お詫びの流儀 その2

危機管理
写真提供:宮城県観光戦略課

トヨタ自動車の豊田章男会長が、グループで相次ぐ不正を謝罪した件。

「私自身がグループの責任者に」と決意を表明。

ニュースを見て、大変立派な態度だな、と感じ入りました。

 

グループで不正が相次いでいるとの報道に接し、私はいささか意外に感じておりました。

と言うのも、「トヨタの失敗学」という電子書籍を読んで、この会社は、社員が失敗することを恐れず、むしろ失敗を改善につなげていく組織風土を持っているのだな、と思っていたからです。

 

書籍の中で紹介されていたのが、「アンドン」という仕組み。

異常が発生した際、表示装置を点灯させる仕組みのことで、生産ラインにひもが垂れ下がっており、何かあれば、そのひもを引っ張ってラインを止めることになっているのだそうです。

感心したのは、

”アンドンのひもを引いてラインを止めた作業当事者は、叱られることはないということ。むしろ異常を発見し、アンドンを引いたら「よく引いてくれた」と言われる”

という組織文化。

 

”「放置」は悪である”という項目では、

”トヨタでは「バッド・ニュース・ファースト」が実践されています。つまり、都合の悪い問題こそ、隠さずに報告するということです。”

ともありました。

実に素晴らしいことで、そのうちこの書籍の内容を皆さんにご紹介しなくては、と考えていました。

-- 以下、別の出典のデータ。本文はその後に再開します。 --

(* Let $\varepsilon>0$ and let $G:\mathbb{R}\to\mathbb{R}$ satisfy: $G\ge 0$ and $\mathrm{supp}(G)=\mathbb{R}$; $G\in W^{1,1}(\mathbb{R})\cap L^\infty(\mathbb{R})\cap C^2(\mathbb{R})$; $G(x)=g(|x|)$ with $g'(r)<0$ for all $r>0$, $g''(0)<0$, $\lim_{r\to+\infty}g(r)=0$; and $\int G=1$. Let $\rho\in L^2(\mathbb{R})\cap\mathcal{P}$ be a stationary solution in one space dimension, i.e. $$\rho\,\partial_x(\varepsilon\rho-G*\rho)=0\quad\text{a.e. on }\mathbb{R}.$$ Then $\mathrm{supp}(\rho)$ is a connected set.
   Context: $\mathcal{P}=\{\rho\in L^1(\mathbb{R}):\rho\ge0,\ \int_{\mathbb{R}}\rho\,dx=1\}$. $G*\rho(x)=\int G(x-y)\rho(y)\,dy$. *)

theory Defs
  imports "HOL-Analysis.Analysis"
begin

definition conv :: "(real \<Rightarrow> real) \<Rightarrow> (real \<Rightarrow> real) \<Rightarrow> real \<Rightarrow> real" where
  "conv G \<rho> x = (LINT y|lborel. G (x - y) * \<rho> y)"

definition test_fun :: "(real \<Rightarrow> real) \<Rightarrow> bool" where
  "test_fun \<phi> \<longleftrightarrow>
     (\<forall>k x. ((deriv ^^ k) \<phi> has_real_derivative (deriv ^^ Suc k) \<phi> x) (at x)) \<and>
     bounded {x. \<phi> x \<noteq> 0}"

definition locally_integrable :: "(real \<Rightarrow> real) \<Rightarrow> bool" where
  "locally_integrable u \<longleftrightarrow> u \<in> borel_measurable lborel \<and>
     (\<forall>K. compact K \<longrightarrow> set_integrable lborel K u)"

definition weak_deriv :: "(real \<Rightarrow> real) \<Rightarrow> (real \<Rightarrow> real) \<Rightarrow> bool" where
  "weak_deriv u w \<longleftrightarrow> locally_integrable u \<and> locally_integrable w \<and>
     (\<forall>\<phi>. test_fun \<phi> \<longrightarrow>
        (LINT x|lborel. u x * deriv \<phi> x) = - (LINT x|lborel. w x * \<phi> x))"

definition esssupp :: "(real \<Rightarrow> real) \<Rightarrow> real set" where
  "esssupp f = - \<Union>{U. open U \<and> (AE x in lborel. x \<in> U \<longrightarrow> f x = 0)}"

end

theory Submission
  imports Defs "HOL-Computational_Algebra.Polynomial"
begin

text \<open>If the support of \<open>\<rho>\<close> is disconnected, \<open>\<rho>\<close> vanishes a.e. on an interval \<open>[t\<^sub>1, t\<^sub>2]\<close> and
  has mass on both sides of it. Put \<open>K = G'\<close>: it is odd, and positive on \<open>(-\<infinity>, 0)\<close> because \<open>g\<close>
  decreases. The stationarity equation says that \<open>R = \<epsilon> \<rho>\<close> has, to the right of any \<open>s\<close>, the
  absolutely continuous representative \<open>R(x) = R(s) + \<integral>\<^sub>s\<^sup>x (w + K * \<rho>)\<close>, and that \<open>\<rho> w = 0\<close>.
  Integrating \<open>R R'\<close> from \<open>s\<close> to a point \<open>t\<close> of the gap, where \<open>R(t) = 0\<close>, gives
  \<open>\<epsilon> \<integral>\<^sub>s\<^sup>t \<rho> (K * \<rho>) = - R(s)\<^sup>2 / 2 \<le> 0\<close>, and the integral over \<open>[s, t]\<close> equals the one over
  \<open>[s, t\<^sub>1]\<close>. On the other hand the integral of \<open>\<rho> (K * \<rho>)\<close> over \<open>(-\<infinity>, t\<^sub>1]\<close> is positive: the
  self-interaction of the left part cancels by oddness of \<open>K\<close>, and its attraction to the right
  part is positive. So for some \<open>s < t\<^sub>1\<close> the integral over \<open>[s, t\<^sub>1]\<close> is positive, a
  contradiction.\<close>

section \<open>Smooth functions\<close>

definition smooth :: "(real \<Rightarrow> real) \<Rightarrow> bool" where
  "smooth f \<longleftrightarrow> (\<forall>k x. ((deriv ^^ k) f has_real_derivative (deriv ^^ Suc k) f x) (at x))"

text \<open>\<open>differentiable_upto n f\<close> means that \<open>f\<close> is \<open>n + 1\<close> times differentiable.\<close>
definition differentiable_upto :: "nat \<Rightarrow> (real \<Rightarrow> real) \<Rightarrow> bool" where
  "differentiable_upto n f \<longleftrightarrow>
     (\<forall>k\<le>n. \<forall>x. ((deriv ^^ k) f has_real_derivative (deriv ^^ Suc k) f x) (at x))"

lemma smooth_iff_differentiable_upto: "smooth f \<longleftrightarrow> (\<forall>n. differentiable_upto n f)"
  unfolding smooth_def differentiable_upto_def by blast

lemma differentiable_upto_0:
  "differentiable_upto 0 f \<longleftrightarrow> (\<forall>x. (f has_real_derivative deriv f x) (at x))"
  unfolding differentiable_upto_def by simp

lemma differentiable_upto_Suc:
  "differentiable_upto (Suc n) f \<longleftrightarrow> differentiable_upto 0 f \<and> differentiable_upto n (deriv f)"
proof -
  have shift: "(deriv ^^ Suc k) f = (deriv ^^ k) (deriv f)" for k
    by (simp add: funpow_Suc_right del: funpow.simps)
  have "(\<forall>k\<le>Suc n. P k) \<longleftrightarrow> P 0 \<and> (\<forall>k\<le>n. P (Suc k))" for P
    using All_less_Suc2[of "Suc n" P] by (simp add: less_Suc_eq_le)
  then show ?thesis
    unfolding differentiable_upto_def by (simp add: shift del: funpow.simps)
qed

lemma differentiable_upto_mono: "differentiable_upto n f \<Longrightarrow> k \<le> n \<Longrightarrow> differentiable_upto k f"
  unfolding differentiable_upto_def by auto

lemma differentiable_upto_imp_DERIV:
  "differentiable_upto n f \<Longrightarrow> (f has_real_derivative deriv f x) (at x)"
  using differentiable_upto_mono[of n f 0] by (auto simp: differentiable_upto_0)

lemma deriv_eqI: "(\<And>x. (f has_real_derivative f' x) (at x)) \<Longrightarrow> deriv f = f'"
  by (rule ext) (rule DERIV_imp_deriv)

lemma differentiable_upto_0I:
  assumes "\<And>x. (f has_real_derivative f' x) (at x)"
  shows "differentiable_upto 0 f"
  using assms deriv_eqI[OF assms] by (simp add: differentiable_upto_0)

lemma differentiable_upto_SucI:
  assumes "\<And>x. (f has_real_derivative f' x) (at x)" and "differentiable_upto n f'"
  shows "differentiable_upto (Suc n) f"
  using assms differentiable_upto_0I[OF assms(1)] deriv_eqI[OF assms(1)]
  by (simp add: differentiable_upto_Suc)

lemma differentiable_upto_const: "differentiable_upto n (\<lambda>x. c)"
  by (induction n arbitrary: c)
     (auto intro!: differentiable_upto_0I[where f'="\<lambda>x. 0"]
        differentiable_upto_SucI[where f'="\<lambda>x. 0"])

lemma differentiable_upto_add:
  "differentiable_upto n f \<Longrightarrow> differentiable_upto n g \<Longrightarrow> differentiable_upto n (\<lambda>x. f x + g x)"
proof (induction n arbitrary: f g)
  case 0
  then show ?case
    by (intro differentiable_upto_0I[where f'="\<lambda>x. deriv f x + deriv g x"] DERIV_add
        differentiable_upto_imp_DERIV)
next
  case (Suc n)
  then have "differentiable_upto n (\<lambda>x. deriv f x + deriv g x)"
    by (intro Suc.IH) (auto simp: differentiable_upto_Suc)
  with Suc.prems show ?case
    by (intro differentiable_upto_SucI[where f'="\<lambda>x. deriv f x + deriv g x"] DERIV_add
        differentiable_upto_imp_DERIV)
qed

lemma differentiable_upto_mult:
  "differentiable_upto n f \<Longrightarrow> differentiable_upto n g \<Longrightarrow> differentiable_upto n (\<lambda>x. f x * g x)"
proof (induction n arbitrary: f g)
  case 0
  then show ?case
    by (intro differentiable_upto_0I[where f'="\<lambda>x. deriv f x * g x + deriv g x * f x"]
        DERIV_mult differentiable_upto_imp_DERIV)
next
  case (Suc n)
  have "differentiable_upto n f" "differentiable_upto n g"
    using Suc.prems differentiable_upto_mono by auto
  with Suc.prems have "differentiable_upto n (\<lambda>x. deriv f x * g x + deriv g x * f x)"
    by (intro differentiable_upto_add Suc.IH) (auto simp: differentiable_upto_Suc)
  with Suc.prems show ?case
    by (intro differentiable_upto_SucI[where f'="\<lambda>x. deriv f x * g x + deriv g x * f x"]
        DERIV_mult differentiable_upto_imp_DERIV)
qed

lemma differentiable_upto_affine:
  "differentiable_upto n f \<Longrightarrow> differentiable_upto n (\<lambda>x. f (a * x + b))"
proof (induction n arbitrary: f)
  case 0
  have "((\<lambda>x. f (a * x + b)) has_real_derivative deriv f (a * x + b) * a) (at x)" for x
    by (rule DERIV_chain2[OF differentiable_upto_imp_DERIV[OF 0]])
       (auto intro!: derivative_eq_intros)
  then show ?case by (rule differentiable_upto_0I)
next
  case (Suc n)
  have "((\<lambda>x. f (a * x + b)) has_real_derivative deriv f (a * x + b) * a) (at x)" for x
    by (rule DERIV_chain2[OF differentiable_upto_imp_DERIV[OF Suc.prems]])
       (auto intro!: derivative_eq_intros)
  moreover have "differentiable_upto n (\<lambda>x. deriv f (a * x + b) * a)"
    using Suc by (intro differentiable_upto_mult differentiable_upto_const)
                 (auto simp: differentiable_upto_Suc)
  ultimately show ?case by (rule differentiable_upto_SucI)
qed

なので、今回の一連の不正の図式は、私には意外に映りました。

 

豊田会長の謝罪は、実に立派だったと思います。

「責任者」という言葉を使っておられましたが、「しんがりの覚悟」が滲む内容でした。

官民を問わず、組織のトップはこうでなくてはいけません。

一点だけ惜しい!と感じたのは、ご自身が社長だった時代に完全子会社化したダイハツの不正についての経営責任についてのコメント。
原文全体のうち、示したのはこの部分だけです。